A unique wideband, dual-beamwidth, X-Band antenna has been developed by STAR Dynamics Corporation in support of a Ground-to-Air Radar Signature (GTARS) measurement system. The GTARS radar system provides precision dynamic RCS measurement and radar imaging capabilities for maneuvering in-flight aircraft. This specialized antenna and radar system provides the capability to track and measure dynamic radar target signatures and parameters that are not practical to measure on a static ground-based RCS measurement facility. The GTARS radar requirements posed significant challenges for the antenna design, among which are the capabilities to measure and track targets in wide and narrow fields of view (FOV) with simultaneous linear co- and cross- polarizations. Precision target tracking is required during dynamic measurements to maintain an accurate beam centered on the target during its flight. Consequently, STAR Dynamics has developed an offset reflector antenna with dual polarized five-aperture eight-port feed network that maintains the antenna beam precisely centered on the maneuvering target. The dual beamwidth functionality is achieved by two separate reflectors while each reflector provides multiple channels for simultaneous radar signature measurement and monopulse tracking using the eight-port feed array.

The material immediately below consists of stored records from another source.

lemma annihilator_vanishes_if_weakly_saturated:
  fixes \<phi> :: "(nat \<Rightarrow> nat) \<Rightarrow> real"
  assumes mono: "mono_on {1..d} p" and ws: "weakly_saturated n d p H"
    and annihil: "\<forall>y\<in>q_set n d p. (\<Sum>x\<in>all_edges n d. \<phi> x * edge_monomial d y x) = 0"
    and H: "\<forall>h\<in>H. \<phi> h = 0"
  shows "\<forall>x\<in>all_edges n d. \<phi> x = 0"
proof -
  obtain es where es: "set es = all_edges n d - H"
    and copies: "\<And>k. k < length es \<Longrightarrow> copy_containing n d p (H \<union> set (take (Suc k) es)) (es ! k)"
    using ws unfolding weakly_saturated_def by blast
  have "\<forall>x\<in>set (take k es). \<phi> x = 0" if "k \<le> length es" for k
    using that
  proof (induction k)
    case 0
    then show ?case by simp
  next
    case (Suc k)
    then have k: "k < length es" and IH: "\<forall>x\<in>set (take k es). \<phi> x = 0" by simp_all
    have take: "take (Suc k) es = take k es @ [es ! k]" using k by (simp add: take_Suc_conv_app_nth)
    obtain \<pi> S where \<pi>: "\<pi> permutes {1..d}" and S: "\<forall>j\<in>{1..d}. S j \<subseteq> {1..n} \<and> card (S j) = p (\<pi> j)"
      and e: "es ! k \<in> PiE {1..d} S" and box: "PiE {1..d} S \<subseteq> H \<union> set (take (Suc k) es)"
      using copies[OF k] unfolding copy_containing_def by blast
    have "\<forall>x\<in>PiE {1..d} S - {es ! k}. \<phi> x = 0" using box IH H unfolding take by auto
    then have "\<phi> (es ! k) = 0" by (rule annihilator_vanishes_at_copy_edge[OF mono annihil \<pi> S e])
    with IH show ?case unfolding take by simp
  qed
  from this[of "length es"] es H show ?thesis by auto
qed

lemma card_weakly_saturated_ge:
  assumes mono: "mono_on {1..d} p" and ws: "weakly_saturated n d p H"
  shows "n ^ d \<le> card H + q n d p"
proof -
  let ?E = "all_edges n d" and ?Q = "q_set n d p"
  have HE: "H \<subseteq> ?E" using ws by (simp add: weakly_saturated_def)
  define v where "v x c = (case c of Inl y \<Rightarrow> edge_monomial d y x | Inr h \<Rightarrow> of_bool (h = x))"
    for x c
  have "card ?E \<le> card (Inl ` ?Q \<union> Inr ` H)"
  proof (rule card_le_card_if_rows_independent[where v = v])
    show "finite ?E" "finite (Inl ` ?Q \<union> Inr ` H)"
      using finite_all_edges finite_q_set finite_subset[OF HE] by auto
    fix \<phi> assume \<phi>: "\<And>c. c \<in> Inl ` ?Q \<union> Inr ` H \<Longrightarrow> (\<Sum>x\<in>?E. \<phi> x * v x c) = 0"
    have "\<forall>y\<in>?Q. (\<Sum>x\<in>?E. \<phi> x * edge_monomial d y x) = 0"
    proof
      fix y assume "y \<in> ?Q"
      then show "(\<Sum>x\<in>?E. \<phi> x * edge_monomial d y x) = 0" using \<phi>[of "Inl y"] by (simp add: v_def)
    qed
    moreover have "\<forall>h\<in>H. \<phi> h = 0"
    proof
      fix h assume h: "h \<in> H"
      have "(\<Sum>x\<in>?E. \<phi> x * v x (Inr h)) = (\<Sum>x\<in>?E. if h = x then \<phi> x else 0)"
        by (intro sum.cong) (auto simp: v_def)
      also have "\<dots> = \<phi> h" using h HE finite_all_edges by (auto simp: sum.delta)
      finally show "\<phi> h = 0" using \<phi>[of "Inr h"] h by simp
    qed
    ultimately show "\<forall>x\<in>?E. \<phi> x = 0" by (rule annihilator_vanishes_if_weakly_saturated[OF mono ws])
  qed
  also have "\<dots> \<le> card ?Q + card H"
    using card_Un_le[of "Inl ` ?Q" "Inr ` H"] by (simp add: card_image)
  finally show ?thesis by (simp add: card_all_edges card_q_set)
qed

subsection \<open>The saturation number\<close>

lemma q_le: "q n d p \<le> n ^ d"
  by (metis card_q_set card_all_edges card_mono finite_all_edges q_set_subset_all_edges)

lemma W_eq:
  assumes mono: "mono_on {1..d} p" and pos: "\<forall>i\<in>{1..d}. 1 \<le> p i"
  shows "W n d p = n ^ d - q n d p"
proof -
  let ?S = "{H. weakly_saturated n d p H}" and ?H = "all_edges n d - q_set n d p"
  have "?S \<subseteq> Pow (all_edges n d)" by (auto simp: weakly_saturated_def)
  then have fin: "finite (card ` ?S)" using finite_all_edges by (meson finite_Pow_iff finite_subset finite_imageI)
  have H: "?H \<in> ?S" using weakly_saturated_complement_q_set[OF pos] by simp
  have "card ?H = n ^ d - q n d p"
    by (simp add: card_Diff_subset finite_q_set q_set_subset_all_edges card_all_edges card_q_set)
  then have "W n d p \<le> n ^ d - q n d p" unfolding W_def using fin H by (metis Min_le imageI)
  moreover have "W n d p \<in> card ` ?S" unfolding W_def using fin H by (intro Min_in) auto
  then have "n ^ d \<le> W n d p + q n d p" using card_weakly_saturated_ge[OF mono] by auto
  ultimately show ?thesis by linarith
qed

lemma ord_stat_2: "ord_stat 2 x 1 = min (x 1) (x 2)" "ord_stat 2 x 2 = max (x 1) (x 2)"
  by (simp_all add: ord_stat_def numeral_2_eq_2 upt_rec)

lemma q_set_2:
  assumes "1 \<le> a" "a \<le> b"
  shows "q_set n 2 (\<lambda>i. if i = 1 then a else b) = PiE {1..2} (\<lambda>_. {a..n}) - PiE {1..2} (\<lambda>_. {a..<b})"
proof (rule set_eqI)
  fix x :: "nat \<Rightarrow> nat"
  have two: "{1..2::nat} = {1, 2}" by auto
  have PiE_2: "x \<in> PiE {1..2} S \<longleftrightarrow> x \<in> extensional {1, 2} \<and> x 1 \<in> S 1 \<and> x 2 \<in> S 2" for S
    unfolding two by (auto simp: PiE_iff)
  have "x \<in> q_set n 2 (\<lambda>i. if i = 1 then a else b) \<longleftrightarrow>
      x \<in> PiE {1..2} (\<lambda>_. {1..n}) \<and> a \<le> ord_stat 2 x 1 \<and> b \<le> ord_stat 2 x 2"
    unfolding q_set_def all_edges_def two by simp
  also have "\<dots> \<longleftrightarrow> x \<in> extensional {1, 2} \<and> x 1 \<in> {1..n} \<and> x 2 \<in> {1..n}
      \<and> a \<le> min (x 1) (x 2) \<and> b \<le> max (x 1) (x 2)"
    unfolding PiE_2 ord_stat_2 by simp
  also have "\<dots> \<longleftrightarrow> x \<in> extensional {1, 2} \<and> x 1 \<in> {a..n} \<and> x 2 \<in> {a..n}
      \<and> \<not> (x 1 \<in> {a..<b} \<and> x 2 \<in> {a..<b})"
    using assms by (auto simp: min_def max_def)
  also have "\<dots> \<longleftrightarrow> x \<in> PiE {1..2} (\<lambda>_. {a..n}) - PiE {1..2} (\<lambda>_. {a..<b})"
    unfolding Diff_iff PiE_2 by blast
  finally show "x \<in> q_set n 2 (\<lambda>i. if i = 1 then a else b) \<longleftrightarrow> \<dots>" .
qed

lemma q_2:
  assumes "1 \<le> a" "a \<le> b" "b \<le> n"
  shows "q n 2 (\<lambda>i. if i = 1 then a else b) = (n + 1 - a) ^ 2 - (b - a) ^ 2"
proof -
  have sub: "PiE {1..2} (\<lambda>_. {a..<b}) \<subseteq> PiE {1..2::nat} (\<lambda>_. {a..n})"
    using assms by (intro PiE_mono) auto
  have "q n 2 (\<lambda>i. if i = 1 then a else b) =
      card (PiE {1..2::nat} (\<lambda>_. {a..n}) - PiE {1..2} (\<lambda>_. {a..<b}))"
    unfolding card_q_set[symmetric] q_set_2[OF assms(1,2)] ..
  also have "\<dots> = (n + 1 - a) ^ 2 - (b - a) ^ 2"
    using sub by (simp add: card_Diff_subset finite_PiE card_PiE)
  finally show ?thesis .
qed

theorem theorem2:
  shows "(\<forall>(n::nat) (d::nat) (p::nat \<Rightarrow> nat).
            d \<ge> 1 \<and> 1 \<le> p 1 \<and> (\<forall>i\<in>{1..<d}. p i \<le> p (i+1)) \<and> p d \<le> n \<longrightarrow>
            int (W n d p) = int n ^ d - int (q n d p))
       \<and> (\<forall>(n::nat) (a::nat) (b::nat). 1 \<le> a \<and> a \<le> b \<and> b \<le> n \<longrightarrow>
            int (W n 2 (\<lambda>i. if i = 1 then a else b)) =
              int n ^ 2 - (int n - int a + 1) ^ 2 + (int b - int a) ^ 2)"
proof (intro conjI allI impI)
  fix n d :: nat and p :: "nat \<Rightarrow> nat"
  assume h: "d \<ge> 1 \<and> 1 \<le> p 1 \<and> (\<forall>i\<in>{1..<d}. p i \<le> p (i+1)) \<and> p d \<le> n"
  then have mono: "mono_on {1..d} p" by (intro mono_on_if_le_Suc) blast
  have "\<forall>i\<in>{1..d}. 1 \<le> p i"
  proof
    fix i assume "i \<in> {1..d}"
    then have "p 1 \<le> p i" using mono_onD[OF mono, of 1 i] h by auto
    then show "1 \<le> p i" using h by simp
  qed
  then show "int (W n d p) = int n ^ d - int (q n d p)"
    using W_eq[OF mono] q_le by (simp add: of_nat_diff)
next
  fix n a b :: nat
  assume h: "1 \<le> a \<and> a \<le> b \<and> b \<le> n"
  let ?p = "\<lambda>i::nat. if i = 1 then a else b"
  have "mono_on {1..2} ?p" "\<forall>i\<in>{1..2}. 1 \<le> ?p i" using h by (auto intro: mono_onI)
  then have "W n 2 ?p = n ^ 2 - ((n + 1 - a) ^ 2 - (b - a) ^ 2)" using W_eq q_2 h by simp
  moreover have "(b - a) ^ 2 \<le> (n + 1 - a) ^ 2" "(n + 1 - a) ^ 2 \<le> n ^ 2"
    using h by (auto intro!: power_mono)
  ultimately have "W n 2 ?p + (n + 1 - a) ^ 2 = n ^ 2 + (b - a) ^ 2" by linarith
  then have "int (W n 2 ?p) + int (n + 1 - a) ^ 2 = int n ^ 2 + int (b - a) ^ 2"
    by (metis of_nat_add of_nat_power)
  moreover have "int (n + 1 - a) = int n - int a + 1" "int (b - a) = int b - int a" using h by auto
  ultimately show "int (W n 2 ?p) = int n ^ 2 - (int n - int a + 1) ^ 2 + (int b - int a) ^ 2"
    by (simp only:)
qed

end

The design of a specialized reflector antenna set that supports dual polarization, dual beam widths, and an integrated wideband monopulse tracking capability in the X-band range is described in this paper. The reflector antenna code available at The Ohio State University has been used as the design tool. The design of such an antenna has posed several challenges in the feed and reflector assemblies. The requirement for an integrated wideband monopulse has resulted in a feed array that contains 5 rectangular feed elements with a center-to-center spacing of 1" and a diamond configuration. The 5 feed design has been selected to enable a shared feed array and reflector surface for both transmit and receive beams that eliminates the need for a high-power wideband receiver protector in the radar system. The center feed element is used for transmit waveform and the 4 outer elements are used as receive elements only. Each feed element operates with horizontally and vertically polarized waveforms, requiring a total of 8 waveguide input ports. In this paper, the challenges of the dual beam widths, dual polarized, integrated RCS and tracking antenna are delineated and the tradeoffs among several design configurations are shown. The final design is selected based on the performance predictions using The Ohio State University Reflector Antenna Code. The performance of the antenna has been validated at the OSU compact range for pattern and gain. Both the design and measurement data are presented in this paper.